§ Stored data entries
========
(* Let $H=(V,E)$ be a graph, $t\ge 1$ an integer, and let $E_1,\dots,E_s\subseteq E$ be sets of edges each of size at most $t$, such that for every $1\le i<j\le s$ the graph $(V,E\setminus(E_i\cup E_j))$ is disconnected. If $s>(2^t+1)2^{t-1}$, then $m(H)\le 2^t$.
   Context: All graphs are finite and simple. For graphs $G_1=(V,E_1)$, $G_2=(V,E_2)$ on the same vertex set, their symmetric difference is the graph $(V,E_1\oplus E_2)$, where $E_1\oplus E_2$ is the set of edges belonging to exactly one of $E_1,E_2$. For a graph $H=(V,E)$, a spanning subgraph of $H$ is a graph $(V,E')$ with $E'\subseteq E$. A connectivity code for $H$ is a collection $\mathcal G$ of distinct spanning subgraphs of $H$ such that the symmetric difference of any two distinct members of $\mathcal G$ is a connected graph on the vertex set $V$. $m(H)$ denotes the maximum cardinality of a connectivity code for $H$. *)

theory Defs
  imports Main
begin

definition simple_graph :: "'a set \<Rightarrow> 'a set set \<Rightarrow> bool" where
  "simple_graph V E \<longleftrightarrow> finite V \<and> (\<forall>e\<in>E. e \<subseteq> V \<and> card e = 2)"

definition adj_rel :: "'a set set \<Rightarrow> ('a \<times> 'a) set" where
  "adj_rel E = {(u, v). {u, v} \<in> E}"

definition connected_graph :: "'a set \<Rightarrow> 'a set set \<Rightarrow> bool" where
  "connected_graph V E \<longleftrightarrow> V \<noteq> {} \<and> (\<forall>u\<in>V. \<forall>v\<in>V. (u, v) \<in> (adj_rel E)\<^sup>*)"

text \<open>A connectivity code for H = (V,E): a collection of distinct spanning subgraphs (given by
  their edge sets E' \<subseteq> E) such that the symmetric difference of any two distinct members is
  a connected graph on V.\<close>

definition connectivity_code :: "'a set \<Rightarrow> 'a set set \<Rightarrow> 'a set set set \<Rightarrow> bool" where
  "connectivity_code V E G \<longleftrightarrow>
     (\<forall>F\<in>G. F \<subseteq> E) \<and>
     (\<forall>F1\<in>G. \<forall>F2\<in>G. F1 \<noteq> F2 \<longrightarrow> connected_graph V ((F1 - F2) \<union> (F2 - F1)))"

definition max_code :: "'a set \<Rightarrow> 'a set set \<Rightarrow> nat" where
  "max_code V E = Max (card ` {G. connectivity_code V E G})"

end

theory Submission
  imports Defs
begin

text \<open>Suppose a connectivity code had \<open>2^t + 1\<close> members. Each \<open>E\<^sub>i\<close> has at most \<open>2^t\<close>
  subsets, so by pigeonhole two codewords agree on \<open>E\<^sub>i\<close>; this assigns to every index \<open>i\<close> a
  pair of codewords. There are only \<open>(2^t + 1) 2^(t-1) < s\<close> pairs, so two indices \<open>i < j\<close> get
  the same pair. The symmetric difference of that pair is connected but avoids
  \<open>E\<^sub>i \<union> E\<^sub>j\<close>, so \<open>(V, E - (E\<^sub>i \<union> E\<^sub>j))\<close> would be connected.\<close>

lemma connected_graph_mono:
  assumes "connected_graph V A" "A \<subseteq> B"
  shows "connected_graph V B"
proof -
  have "adj_rel A \<subseteq> adj_rel B" using assms(2) unfolding adj_rel_def by auto
  hence "(adj_rel A)\<^sup>* \<subseteq> (adj_rel B)\<^sup>*" by (rule rtrancl_mono)
  thus ?thesis using assms(1) unfolding connected_graph_def by blast
qed

lemma connectivity_code_agree_connected:
  assumes "connectivity_code V E G" "B \<subseteq> G" "card B = 2"
    and "\<forall>F\<in>B. \<forall>F'\<in>B. F \<inter> X = F' \<inter> X"
  shows "connected_graph V (E - X)"
proof -
  from assms(3) obtain F1 F2 where B: "B = {F1, F2}" "F1 \<noteq> F2"
    unfolding card_2_iff by blast
  have "F1 \<in> G" "F2 \<in> G" using assms(2) B(1) by blast+
  have "F1 \<inter> X = F2 \<inter> X" using assms(4) B(1) by blast
  show ?thesis
  proof (rule connected_graph_mono)
    show "connected_graph V ((F1 - F2) \<union> (F2 - F1))"
      using assms(1) \<open>F1 \<in> G\<close> \<open>F2 \<in> G\<close> B(2) unfolding connectivity_code_def by blast
    show "(F1 - F2) \<union> (F2 - F1) \<subseteq> E - X"
      using assms(1) \<open>F1 \<in> G\<close> \<open>F2 \<in> G\<close> \<open>F1 \<inter> X = F2 \<inter> X\<close>
      unfolding connectivity_code_def by blast
  qed
qed

lemma exists_pair_agree_on:
  assumes "finite S" "2 ^ card S < card A"
  shows "\<exists>B\<subseteq>A. card B = 2 \<and> (\<forall>F\<in>B. \<forall>F'\<in>B. F \<inter> S = F' \<inter> S)"
proof -
  have "card ((\<lambda>F. F \<inter> S) ` A) \<le> card (Pow S)"
    by (rule card_mono) (auto simp: assms(1))
  hence "\<not> inj_on (\<lambda>F. F \<inter> S) A"
    using assms by (metis card_Pow card_image not_le)
  then obtain F1 F2 where "F1 \<in> A" "F2 \<in> A" "F1 \<noteq> F2" "F1 \<inter> S = F2 \<inter> S"
    unfolding inj_on_def by blast
  hence "{F1, F2} \<subseteq> A \<and> card {F1, F2} = 2 \<and> (\<forall>F\<in>{F1, F2}. \<forall>F'\<in>{F1, F2}. F \<inter> S = F' \<inter> S)"
    by auto
  thus ?thesis by blast
qed

lemma pow2_plus_one_choose_two:
  assumes "t \<ge> 1"
  shows "(2 ^ t + 1) choose 2 = (2 ^ t + 1) * 2 ^ (t - 1)"
proof -
  obtain k where t: "t = Suc k" using assms by (cases t) auto
  have "(2 ^ t + 1) choose 2 = (2 ^ t + 1) * 2 ^ t div 2" by (simp add: choose_two)
  also have "\<dots> = (2 ^ t + 1) * 2 ^ (t - 1)" by (simp add: t)
  finally show ?thesis .
qed

lemma exists_lt_eq_of_card_lt:
  assumes "f ` {1..s} \<subseteq> P" "finite P" "card P < s"
  shows "\<exists>i j. 1 \<le> i \<and> i < j \<and> j \<le> s \<and> f i = f j"
proof -
  have "\<not> inj_on f {1..s}"
    using card_inj_on_le[OF _ assms(1,2)] assms(3) by auto
  then obtain i j where "i \<in> {1..s}" "j \<in> {1..s}" "i \<noteq> j" "f i = f j"
    unfolding inj_on_def by blast
  thus ?thesis by (metis atLeastAtMost_iff linorder_neqE_nat)
qed

lemma connectivity_code_card_le:
  fixes Es :: "nat \<Rightarrow> 'a set set"
  assumes "finite E" "t \<ge> 1"
    and small: "\<And>i. 1 \<le> i \<Longrightarrow> i \<le> s \<Longrightarrow> Es i \<subseteq> E \<and> card (Es i) \<le> t"
    and disconnected: "\<And>i j. 1 \<le> i \<Longrightarrow> i < j \<Longrightarrow> j \<le> s \<Longrightarrow>
           \<not> connected_graph V (E - (Es i \<union> Es j))"
    and many: "s > (2 ^ t + 1) * 2 ^ (t - 1)"
    and code: "connectivity_code V E G"
  shows "card G \<le> 2 ^ t"
proof (rule ccontr)
  assume "\<not> card G \<le> 2 ^ t"
  hence "2 ^ t + 1 \<le> card G" by simp
  then obtain G' where G': "G' \<subseteq> G" "card G' = 2 ^ t + 1"
    by (rule obtain_subset_with_card_n)
  hence "finite G'" by (simp add: card_ge_0_finite)
  define P where "P = {B. B \<subseteq> G' \<and> card B = 2}"
  have "finite P" unfolding P_def using \<open>finite G'\<close> by simp
  have card_P: "card P < s"
    unfolding P_def n_subsets[OF \<open>finite G'\<close>] G'(2) pow2_plus_one_choose_two[OF \<open>t \<ge> 1\<close>]
    using many .
  have "\<forall>i\<in>{1..s}. \<exists>B. B \<in> P \<and> (\<forall>F\<in>B. \<forall>F'\<in>B. F \<inter> Es i = F' \<inter> Es i)"
  proof
    fix i assume "i \<in> {1..s}"
    hence "Es i \<subseteq> E" "card (Es i) \<le> t" using small by auto
    hence "finite (Es i)" using \<open>finite E\<close> finite_subset by blast
    have "(2::nat) ^ card (Es i) \<le> 2 ^ t"
      using \<open>card (Es i) \<le> t\<close> by (rule power_increasing) simp
    hence "2 ^ card (Es i) < card G'" using G'(2) by linarith
    from exists_pair_agree_on[OF \<open>finite (Es i)\<close> this]
    show "\<exists>B. B \<in> P \<and> (\<forall>F\<in>B. \<forall>F'\<in>B. F \<inter> Es i = F' \<inter> Es i)"
      unfolding P_def by blast
  qed
  from bchoice[OF this] obtain p
    where p: "\<forall>i\<in>{1..s}. p i \<in> P \<and> (\<forall>F\<in>p i. \<forall>F'\<in>p i. F \<inter> Es i = F' \<inter> Es i)" ..
  then have "p ` {1..s} \<subseteq> P" by blast
  from exists_lt_eq_of_card_lt[OF this \<open>finite P\<close> card_P]
  obtain i j where ij: "1 \<le> i" "i < j" "j \<le> s" "p i = p j" by blast
  then have "i \<in> {1..s}" "j \<in> {1..s}" by auto
  then have "p i \<in> P"
    and agree_i: "\<forall>F\<in>p i. \<forall>F'\<in>p i. F \<inter> Es i = F' \<inter> Es i"
    and agree_j: "\<forall>F\<in>p j. \<forall>F'\<in>p j. F \<inter> Es j = F' \<inter> Es j"
    using p by blast+
  have "p i \<subseteq> G" "card (p i) = 2" using \<open>p i \<in> P\<close> G'(1) unfolding P_def by auto
  moreover have "\<forall>F\<in>p i. \<forall>F'\<in>p i. F \<inter> (Es i \<union> Es j) = F' \<inter> (Es i \<union> Es j)"
  proof (intro ballI)
    fix F F' assume "F \<in> p i" "F' \<in> p i"
    then have "F \<inter> Es i = F' \<inter> Es i" "F \<inter> Es j = F' \<inter> Es j"
      using agree_i agree_j ij(4) by blast+
    then show "F \<inter> (Es i \<union> Es j) = F' \<inter> (Es i \<union> Es j)" by (simp add: Int_Un_distrib)
  qed
  ultimately have "connected_graph V (E - (Es i \<union> Es j))"
    by (rule connectivity_code_agree_connected[OF code])
  with disconnected[OF ij(1-3)] show False ..
qed

lemma max_code_le:
  assumes "finite E" "\<And>G. connectivity_code V E G \<Longrightarrow> card G \<le> n"
  shows "max_code V E \<le> n"
proof -
  have "{G. connectivity_code V E G} \<subseteq> Pow (Pow E)" unfolding connectivity_code_def by auto
  hence "finite {G. connectivity_code V E G}" using assms(1) by (meson finite_Pow_iff finite_subset)
  moreover have "connectivity_code V E {}" unfolding connectivity_code_def by simp
  ultimately show ?thesis
    unfolding max_code_def using assms(2) by (subst Max_le_iff) auto
qed

theorem lemma3p1:
  fixes V :: "'a set" and E :: "'a set set" and t s :: nat and Es :: "nat \<Rightarrow> 'a set set"
  assumes "simple_graph V E"
    and "t \<ge> 1"
    and "\<And>i. 1 \<le> i \<Longrightarrow> i \<le> s \<Longrightarrow> Es i \<subseteq> E \<and> card (Es i) \<le> t"
    and "\<And>i j. 1 \<le> i \<Longrightarrow> i < j \<Longrightarrow> j \<le> s \<Longrightarrow>
           \<not> connected_graph V (E - (Es i \<union> Es j))"
    and "s > (2 ^ t + 1) * 2 ^ (t - 1)"
  shows "max_code V E \<le> 2 ^ t"
proof -
  have "E \<subseteq> Pow V" "finite V" using assms(1) unfolding simple_graph_def by auto
  hence "finite E" by (meson finite_Pow_iff finite_subset)
  thus ?thesis
    by (rule max_code_le) (rule connectivity_code_card_le[OF \<open>finite E\<close> assms(2-5)])
qed

end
========
§ WORK REQUEST
All lines with the word "collection" must be located in the data and copied.

§ SOLUTION FOR THIS TASK
   Context: All graphs are finite and simple. For graphs $G_1=(V,E_1)$, $G_2=(V,E_2)$ on the same vertex set, their symmetric difference is the graph $(V,E_1\oplus E_2)$, where $E_1\oplus E_2$ is the set of edges belonging to exactly one of $E_1,E_2$. For a graph $H=(V,E)$, a spanning subgraph of $H$ is a graph $(V,E')$ with $E'\subseteq E$. A connectivity code for $H$ is a collection $\mathcal G$ of distinct spanning subgraphs of $H$ such that the symmetric difference of any two distinct members of $\mathcal G$ is a connected graph on the vertex set $V$. $m(H)$ denotes the maximum cardinality of a connectivity code for $H$. *)
text \<open>A connectivity code for H = (V,E): a collection of distinct spanning subgraphs (given by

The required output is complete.